Similarly to what is defined in the DRMAA v.2 as SlotInfo; this identifies each machine (also called ‘node’ on some schedulers) on which a job is running, and how many CPUs are being used. (Some of them could be undefined)

  • name: name of the machine
  • num_cpus: number of cores used by the job on this machine
  • num_mpiprocs: number of MPI processes used by the job on this machine
class aiida.scheduler.datastructures.NodeNumberJobResource(**kwargs)[source]

An implementation of JobResource for schedulers that support the specification of a number of nodes and a number of cpus per node

classmethod accepts_default_mpiprocs_per_machine()[source]

Return True if this JobResource accepts a ‘default_mpiprocs_per_machine’ key, False otherwise.

get_tot_num_mpiprocs()[source]

Return the total number of cpus of this job resource.

classmethod get_valid_keys()[source]

Return a list of valid keys to be passed to the __init__

class aiida.scheduler.datastructures.ParEnvJobResource(**kwargs)[source]

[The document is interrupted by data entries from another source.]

lemma ear_empty_or_top:
  assumes "finite P" "general_position P" "hull_pentagon P v1 v2 v3 v4 v5"
  shows "(\<forall>p\<in>P - {v1, v2, v3}. orient v1 v3 p > 0) \<or> (\<exists>r. ear_top P v1 v2 v3 r)"
proof (cases "\<exists>p\<in>P - {v2}. orient v1 v3 p < 0")
  case True
  define m where "m = Min (orient v1 v3 ` (P - {v2}))"
  have "m \<in> orient v1 v3 ` (P - {v2})" unfolding m_def using True assms(1) by (intro Min_in) auto
  then obtain r where "r \<in> P - {v2}" "orient v1 v3 r = m" by blast
  moreover have "m \<le> orient v1 v3 p" if "p \<in> P - {v2}" for p
    unfolding m_def using assms(1) that by (intro Min_le) auto
  ultimately have "ear_top P v1 v2 v3 r"
    using True unfolding ear_top_def by fastforce
  then show ?thesis by blast
next
  case False
  have "v1 \<in> P" "v3 \<in> P" "v1 \<noteq> v3"
    using assms(3) unfolding hull_pentagon_def hull_edge_def by auto
  then have "orient v1 v3 p \<noteq> 0" if "p \<in> P - {v1, v2, v3}" for p
    using orient_neq_0[OF assms(2)] that by auto
  then show ?thesis using False by force
qed

section \<open>The mutual-visibility number of D(P)\<close>

lemma D_vertices_eq_image: "D_vertices P = (\<lambda>S. convex hull S) ` {S. S \<subseteq> P \<and> card S = 2}"
  unfolding D_vertices_def
proof (intro equalityI subsetI)
  fix x assume "x \<in> {closed_segment a b |a b. a \<in> P \<and> b \<in> P \<and> a \<noteq> b}"
  then obtain a b where "x = closed_segment a b" "a \<in> P" "b \<in> P" "a \<noteq> b" by blast
  then show "x \<in> (\<lambda>S. convex hull S) ` {S. S \<subseteq> P \<and> card S = 2}"
    by (intro image_eqI[of _ _ "{a, b}"]) (auto simp: segment_convex_hull)
next
  fix x assume "x \<in> (\<lambda>S. convex hull S) ` {S. S \<subseteq> P \<and> card S = 2}"
  then obtain a b where "x = convex hull {a, b}" "a \<in> P" "b \<in> P" "a \<noteq> b"
    by (auto simp: card_2_iff)
  then show "x \<in> {closed_segment a b |a b. a \<in> P \<and> b \<in> P \<and> a \<noteq> b}"
    by (auto simp: segment_convex_hull)
qed
(* Let $\alpha\neq0$ be real, let $\mathbf{u}=(u_1,u_2)$ and $\mathbf{v}=(-u_1,u_2)$ be constant unit vectors with $u_1u_2\neq0$, and let $\mathbf{f}=(f_1,f_2)\in C_c^2(S^1;\mathbb{D})$. Then $D_\mathbf{u}D_\mathbf{v}\mathcal{L}_\alpha\mathbf{f}=\partial_{\tilde x_1}f_2-\partial_{\tilde x_2}f_1=\tilde\delta^\perp\mathbf{f}$ and $D_\mathbf{u}D_\mathbf{v}\mathcal{T}_\alpha\mathbf{f}=-(\partial_{\tilde x_1}f_1+\partial_{\tilde x_2}f_2)=-\tilde\delta\mathbf{f}$.
   Context: $\mathbb{D}$ is the open unit disc in $\mathbb{R}^2$; $C_c^2(S^1;\mathbb{D})$ is the space of $C^2$ vector fields with compact support in $\mathbb{D}$. $\mathbf{a}^\perp=(-a_2,a_1)$; $D_\mathbf{u}=\mathbf{u}\cdot\nabla$. The weighted longitudinal and transverse V-line transforms are $\mathcal{L}_\alpha\mathbf{f}(\mathbf{x})=-\int_0^\infty\mathbf{u}\cdot\mathbf{f}(\mathbf{x}+t\mathbf{u})\,dt+\alpha\int_0^\infty\mathbf{v}\cdot\mathbf{f}(\mathbf{x}+t\mathbf{v})\,dt$ and $\mathcal{T}_\alpha\mathbf{f}(\mathbf{x})=-\int_0^\infty\mathbf{u}^\perp\cdot\mathbf{f}(\mathbf{x}+t\mathbf{u})\,dt+\alpha\int_0^\infty\mathbf{v}^\perp\cdot\mathbf{f}(\mathbf{x}+t\mathbf{v})\,dt$. The differential operators $\partial_{\tilde x_1}=-(1+\alpha)u_1u_2\partial_{x_1}+(1-\alpha)u_2^2\partial_{x_2}$ and $\partial_{\tilde x_2}=(1-\alpha)u_1^2\partial_{x_1}-(1+\alpha)u_1u_2\partial_{x_2}$ (derivatives in the linear coordinates $\tilde x$ with $x_1=-(1+\alpha)u_1u_2\tilde x_1+(1-\alpha)u_1^2\tilde x_2$, $x_2=(1-\alpha)u_2^2\tilde x_1-(1+\alpha)u_1u_2\tilde x_2$); $\tilde\delta\mathbf{f}=\partial_{\tilde x_1}f_1+\partial_{\tilde x_2}f_2$, $\tilde\delta^\perp\mathbf{f}=\partial_{\tilde x_1}f_2-\partial_{\tilde x_2}f_1$. *)

theory Defs
  imports "HOL-Analysis.Analysis"
begin

definition dirD :: "real^2 \<Rightarrow> (real^2 \<Rightarrow> real) \<Rightarrow> real^2 \<Rightarrow> real" where
  "dirD w g x = frechet_derivative g (at x) w"

definition pd :: "2 \<Rightarrow> (real^2 \<Rightarrow> real) \<Rightarrow> real^2 \<Rightarrow> real" where
  "pd i g x = frechet_derivative g (at x) (axis i 1)"

definition C2_field :: "(real^2 \<Rightarrow> real^2) \<Rightarrow> bool" where
  "C2_field f \<longleftrightarrow>
     (\<forall>x. f differentiable (at x)) \<and>
     (\<forall>w x. (\<lambda>y. frechet_derivative f (at y) w) differentiable (at x)) \<and>
     (\<forall>w w'. continuous_on UNIV
        (\<lambda>y. frechet_derivative (\<lambda>z. frechet_derivative f (at z) w) (at y) w'))"

definition Cc2_disc :: "(real^2 \<Rightarrow> real^2) \<Rightarrow> bool" where
  "Cc2_disc f \<longleftrightarrow> C2_field f \<and>
     (\<exists>K. compact K \<and> K \<subseteq> ball 0 1 \<and> (\<forall>x. x \<notin> K \<longrightarrow> f x = 0))"

definition perp :: "real^2 \<Rightarrow> real^2" where
  "perp a = vector [- (a$2), a$1]"

definition Lalpha :: "real \<Rightarrow> real^2 \<Rightarrow> real^2 \<Rightarrow> (real^2 \<Rightarrow> real^2) \<Rightarrow> real^2 \<Rightarrow> real" where
  "Lalpha \<alpha> u v f x =
     - integral {0..} (\<lambda>t::real. u \<bullet> f (x + t *\<^sub>R u))
     + \<alpha> * integral {0..} (\<lambda>t::real. v \<bullet> f (x + t *\<^sub>R v))"

definition Talpha :: "real \<Rightarrow> real^2 \<Rightarrow> real^2 \<Rightarrow> (real^2 \<Rightarrow> real^2) \<Rightarrow> real^2 \<Rightarrow> real" where
  "Talpha \<alpha> u v f x =
     - integral {0..} (\<lambda>t::real. perp u \<bullet> f (x + t *\<^sub>R u))
     + \<alpha> * integral {0..} (\<lambda>t::real. perp v \<bullet> f (x + t *\<^sub>R v))"

definition dt1 :: "real \<Rightarrow> real^2 \<Rightarrow> (real^2 \<Rightarrow> real) \<Rightarrow> real^2 \<Rightarrow> real" where
  "dt1 \<alpha> u g x = - (1 + \<alpha>) * (u$1) * (u$2) * pd 1 g x + (1 - \<alpha>) * (u$2)^2 * pd 2 g x"

definition dt2 :: "real \<Rightarrow> real^2 \<Rightarrow> (real^2 \<Rightarrow> real) \<Rightarrow> real^2 \<Rightarrow> real" where
  "dt2 \<alpha> u g x = (1 - \<alpha>) * (u$1)^2 * pd 1 g x - (1 + \<alpha>) * (u$1) * (u$2) * pd 2 g x"

definition tdelta :: "real \<Rightarrow> real^2 \<Rightarrow> (real^2 \<Rightarrow> real^2) \<Rightarrow> real^2 \<Rightarrow> real" where
  "tdelta \<alpha> u f x = dt1 \<alpha> u (\<lambda>y. f y $ 1) x + dt2 \<alpha> u (\<lambda>y. f y $ 2) x"

definition tdelta_perp :: "real \<Rightarrow> real^2 \<Rightarrow> (real^2 \<Rightarrow> real^2) \<Rightarrow> real^2 \<Rightarrow> real" where
  "tdelta_perp \<alpha> u f x = dt1 \<alpha> u (\<lambda>y. f y $ 2) x - dt2 \<alpha> u (\<lambda>y. f y $ 1) x"

end

(* Both transforms are combinations of ray transforms X_w k (x) = \<integral>_0^\<infinity> k (x + t w) dt of
   the scalar fields p \<bullet> f.  For compactly supported C^1 data, differentiation under the integral
   sign gives D_h X_w k = X_w (D_h k), and the fundamental theorem of calculus along the ray gives
   D_w X_w k = - k.  Hence D_u D_v (- X_u (p \<bullet> f) + \<alpha> X_v (q \<bullet> f)) = p \<bullet> D_v f - \<alpha> q \<bullet> D_u f,
   and writing D_u, D_v in coordinates produces the operators of the tilde coordinates. *)

theory Submission
  imports Defs
begin

definition ray_transform :: "('a::real_normed_vector \<Rightarrow> 'b::real_normed_vector) \<Rightarrow> 'a \<Rightarrow> 'a \<Rightarrow> 'b"
  where "ray_transform k w x = integral {0..} (\<lambda>t. k (x + t *\<^sub>R w))"

definition compactly_supported_C1 :: "('a::euclidean_space \<Rightarrow> 'b::real_normed_vector) \<Rightarrow> bool"
  where "compactly_supported_C1 k \<longleftrightarrow>
    (\<forall>z. k differentiable (at z)) \<and>
    (\<forall>h. continuous_on UNIV (\<lambda>z. frechet_derivative k (at z) h)) \<and>
    bounded {z. k z \<noteq> 0}"

lemma integral_atLeast_eq_atLeastAtMost:
  fixes F :: "real \<Rightarrow> 'b::banach"
  assumes "a \<le> R" and "\<And>t. R \<le> t \<Longrightarrow> F t = 0"
  shows "integral {a..} F = integral {a..R} F"
proof -
  have "integral {a..} F = integral {a..} (\<lambda>t. if t \<in> {a..R} then F t else 0)"
    by (rule integral_cong) (use assms in auto)
  also have "\<dots> = integral ({a..R} \<inter> {a..}) F"
    by (rule integral_restrict_Int)
  also have "{a..R} \<inter> {a..} = {a..R}"
    by auto
  finally show ?thesis .
qed

lemma frechet_derivative_locally_zero:
  assumes "open S" "z \<in> S" "\<And>y. y \<in> S \<Longrightarrow> g y = 0"
  shows "frechet_derivative g (at z) = (\<lambda>_. 0)"
proof -
  have "(g has_derivative (\<lambda>_. 0)) (at z)"
    by (rule has_derivative_transform_within_open[of "\<lambda>_. 0" _ _ _ S]) (use assms in auto)
  then show ?thesis
    by (metis frechet_derivative_at)
qed
lemma vague_conv_tendsto_sm_val_Iic:
  assumes \<mu>s: "\<And>n. is_smeasure (\<mu>s n)" and \<mu>: "is_smeasure \<mu>" and vc: "vague_conv \<mu>s \<mu>"
    and nm: "\<And>x. no_mass_at \<mu>s x" and minf: "no_mass_at_minf \<mu>s"
  shows "(\<lambda>n. sm_val (\<mu>s n) {..u}) \<longlonglongrightarrow> sm_val \<mu> {..u}"
proof -
  define \<delta> where "\<delta> k = inverse (real (Suc k))" for k
  have \<delta>: "0 < \<delta> k" for k by (simp add: \<delta>_def)
  have "\<delta> \<longlonglongrightarrow> 0"
    unfolding \<delta>_def by (rule LIMSEQ_inverse_real_of_nat)
  then have E: "negligible_sets \<mu>s (\<lambda>k. {..<u - 1 - real k} \<union> {u<..<u + \<delta> k})"
    by (intro negligible_sets_Un negligible_sets_lower_tail negligible_sets_right_of_point \<mu>s nm minf)
  show ?thesis
  proof (rule vague_conv_tendsto_sm_val[OF \<mu>s \<mu> vc _ continuous_on_trapezoid _ trapezoid_unit _ E])
    show "\<exists>K. compact K \<and> (\<forall>x. x \<notin> K \<longrightarrow> trapezoid (u - 2 - real k) (u - 1 - real k) u (u + \<delta> k) x = 0)"
      for k
      using \<delta> by (intro trapezoid_compact_support) auto
    show "trapezoid (u - 2 - real k) (u - 1 - real k) u (u + \<delta> k) x = indicator {..u} x"
      if "x \<notin> {..<u - 1 - real k} \<union> {u<..<u + \<delta> k}" for k x
      using trapezoid_eq_indicator[of "u - 2 - real k" "u - 1 - real k" u "u + \<delta> k" x] \<delta>[of k] that
      by (auto simp: indicator_def)
  qed simp
qed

An implementation of JobResource for schedulers that support the specification of a parallel environment (a string) + the total number of nodes

classmethod accepts_default_mpiprocs_per_machine()[source]

Return True if this JobResource accepts a ‘default_mpiprocs_per_machine’ key, False otherwise.

get_tot_num_mpiprocs()[source]

Return the total number of cpus of this job resource.